Taka sytuacja jest często wynikiem nie tylko dużej ilości wybieganych kilometrów, ale również dążeniem do maksymalnego obniżenia zawartości tłuszczów w diecie. Ciągła nagonka na „bycie szczupłym” jest szczególnie nasilona w środowisku biegaczy i biegaczek, co w rezultacie często objawia się zbyt rygorystycznym ograniczeniem tłuszczów w diecie. Należy pamiętać, że to właśnie tłuszcze budują szereg istotnych hormonów, jak również wchodzą w skład ścian wszystkich komórek. Zbyt rygorystyczne ich ograniczenie będzie owocowało zaburzeniami hormonalnymi oraz zmniejszoną regeneracją komórek. W rezultacie, zamiast zwiększać naszą formę, doprowadza do znacznego spadku wydolności organizmu oraz szeregu zaburzeń komórkowych prowadzących do spadku siły i mocy mięśniowej.

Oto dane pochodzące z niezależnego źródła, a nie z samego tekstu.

lemma carlitz_hd_le_sum_list: "carlitz W \<Longrightarrow> hd W \<le> sum_list W"
  unfolding carlitz_iff by (cases W) auto

lemma finite_carlitz_sum_list: "finite {W. carlitz W \<and> P W \<and> sum_list W = n}"
proof (rule finite_subset[OF _ finite_lists_length_le[of "{0..n}" n]])
  show "{W. carlitz W \<and> P W \<and> sum_list W = n} \<subseteq> {xs. set xs \<subseteq> {0..n} \<and> length xs \<le> n}"
  proof safe
    fix W assume "carlitz W"
    then show "length W \<le> sum_list W"
      by (simp add: carlitz_iff length_le_sum_list_if_pos)
    show "c \<in> {0..sum_list W}" if "c \<in> set W" for c
      using that by (simp add: member_le_sum_list)
  qed
qed simp

definition carlitz_gf :: "(nat list \<Rightarrow> bool) \<Rightarrow> real fps" where
  "carlitz_gf P = Abs_fps (\<lambda>n. real (card {W. carlitz W \<and> P W \<and> sum_list W = n}))"

lemma carlitz_gf_cong:
  assumes "\<And>W. carlitz W \<Longrightarrow> P W \<longleftrightarrow> Q W"
  shows "carlitz_gf P = carlitz_gf Q"
proof -
  have "{W. carlitz W \<and> P W \<and> sum_list W = n} = {W. carlitz W \<and> Q W \<and> sum_list W = n}" for n
    using assms by blast
  then show ?thesis by (simp add: carlitz_gf_def)
qed

lemma cyc_carlitz_gf_eq: "cyc_carlitz_gf = carlitz_gf (\<lambda>W. 2 \<le> length W \<longrightarrow> hd W \<noteq> last W)"
  by (simp add: cyc_carlitz_gf_def carlitz_gf_def cyclic_carlitz_def)

lemma carlitz_gf_diff:
  "carlitz_gf (\<lambda>W. P W \<and> \<not> Q W) = carlitz_gf P - carlitz_gf (\<lambda>W. P W \<and> Q W)"
proof (rule fps_ext)
  fix n
  let ?A = "\<lambda>P. {W. carlitz W \<and> P W \<and> sum_list W = n}"
  have sub: "?A (\<lambda>W. P W \<and> Q W) \<subseteq> ?A P"
    by auto
  have "?A (\<lambda>W. P W \<and> \<not> Q W) = ?A P - ?A (\<lambda>W. P W \<and> Q W)"
    by auto
  then have "card (?A (\<lambda>W. P W \<and> \<not> Q W)) = card (?A P) - card (?A (\<lambda>W. P W \<and> Q W))"
    using card_Diff_subset[OF finite_carlitz_sum_list sub] by simp
  moreover have "card (?A (\<lambda>W. P W \<and> Q W)) \<le> card (?A P)"
    by (rule card_mono[OF finite_carlitz_sum_list sub])
  ultimately show "carlitz_gf (\<lambda>W. P W \<and> \<not> Q W) $ n = (carlitz_gf P - carlitz_gf (\<lambda>W. P W \<and> Q W)) $ n"
    by (simp add: carlitz_gf_def)
qed

lemma carlitz_gf_rev: "carlitz_gf (\<lambda>W. P (rev W)) = carlitz_gf P"
proof (rule fps_ext)
  fix n
  have "{W. carlitz W \<and> P (rev W) \<and> sum_list W = n} = rev ` {W. carlitz W \<and> P W \<and> sum_list W = n}"
  proof (intro equalityI subsetI)
    fix W assume "W \<in> {W. carlitz W \<and> P (rev W) \<and> sum_list W = n}"
    then show "W \<in> rev ` {W. carlitz W \<and> P W \<and> sum_list W = n}"
      by (intro image_eqI[of W rev "rev W"]) auto
  qed auto
  then show "carlitz_gf (\<lambda>W. P (rev W)) $ n = carlitz_gf P $ n"
    by (simp add: carlitz_gf_def card_image)
qed

lemma carlitz_gf_last: "carlitz_gf (\<lambda>W. last W = j) = carlitz_gf (\<lambda>W. hd W = j)"
proof -
  have "carlitz_gf (\<lambda>W. last W = j) = carlitz_gf (\<lambda>W. hd (rev W) = j)"
    by (rule carlitz_gf_cong) (simp add: carlitz_iff hd_rev)
  then show ?thesis by (simp add: carlitz_gf_rev[of "\<lambda>W. hd W = j"])
qed

lemma carlitz_gf_nth_eq_0:
  assumes "\<And>W. carlitz W \<Longrightarrow> P W \<Longrightarrow> sum_list W \<noteq> n"
  shows "carlitz_gf P $ n = 0"
proof -
  from assms have "{W. carlitz W \<and> P W \<and> sum_list W = n} = {}"
    by blast
  then show ?thesis
    unfolding carlitz_gf_def fps_nth_Abs_fps by (simp only: card.empty of_nat_0)
qed

lemma carlitz_gf_nth_0 [simp]: "carlitz_gf P $ 0 = 0"
  by (rule carlitz_gf_nth_eq_0) (metis carlitz_sum_list_pos neq0_conv)

lemma carlitz_hd_eq_peel:
  assumes "0 < j" "P [j]" "\<And>W. W \<noteq> [] \<Longrightarrow> P (j # W) \<longleftrightarrow> P W"
  shows "{W. carlitz W \<and> P W \<and> hd W = j \<and> sum_list W = n} =
    (if n = j then {[j]} else {}) \<union>
    Cons j ` {W. carlitz W \<and> P W \<and> hd W \<noteq> j \<and> sum_list W = n - j}"
    (is "?L = ?S \<union> Cons j ` ?B")
proof (intro equalityI subsetI)
  fix W assume W: "W \<in> ?L"
  then obtain W' where W': "W = j # W'"
    by (cases W) (auto simp: carlitz_iff)
  show "W \<in> ?S \<union> Cons j ` ?B"
  proof (cases "W' = []")
    case True
    with W W' show ?thesis by auto
  next
    case False
    with W W' have "W' \<in> ?B"
      using assms(3) by (auto simp: carlitz_Cons)
    with W' show ?thesis by blast
  qed
next
  fix W assume "W \<in> ?S \<union> Cons j ` ?B"
  then consider "n = j" "W = [j]"
    | W' where "W = j # W'" "carlitz W'" "P W'" "hd W' \<noteq> j" "sum_list W' = n - j"
    by (auto split: if_splits)
  then show "W \<in> ?L"
  proof cases
    case 1
    then show ?thesis using assms by (simp add: carlitz_Cons)
  next
    case (2 W')
    from \<open>carlitz W'\<close> have "W' \<noteq> []"
      by (simp add: carlitz_iff)
    moreover from \<open>carlitz W'\<close> have "0 < sum_list W'"
      by (rule carlitz_sum_list_pos)
    ultimately show ?thesis
      using 2 assms by (auto simp: carlitz_Cons)
  qed
qed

Należy więc pamiętać, iż nie tylko nadmiar tłuszczu jest szkodliwy, ale również jego niedobór. Tak więc, o ile utrzymujesz prawidłową zawartość tłuszczu w diecie i nie występują u Ciebie żadne negatywne objawy zdrowotne, to możesz śmiało biegać bez obaw o swój stan zdrowia. Natomiast, gdyby pojawiły się ww. objawy, należy jak najszybciej udać się do lekarza i specjalisty ds. żywienia w celu wprowadzenia niezbędnych produktów do jadłospisu, zwiększających zawartość kwasów tłuszczowych w organizmie.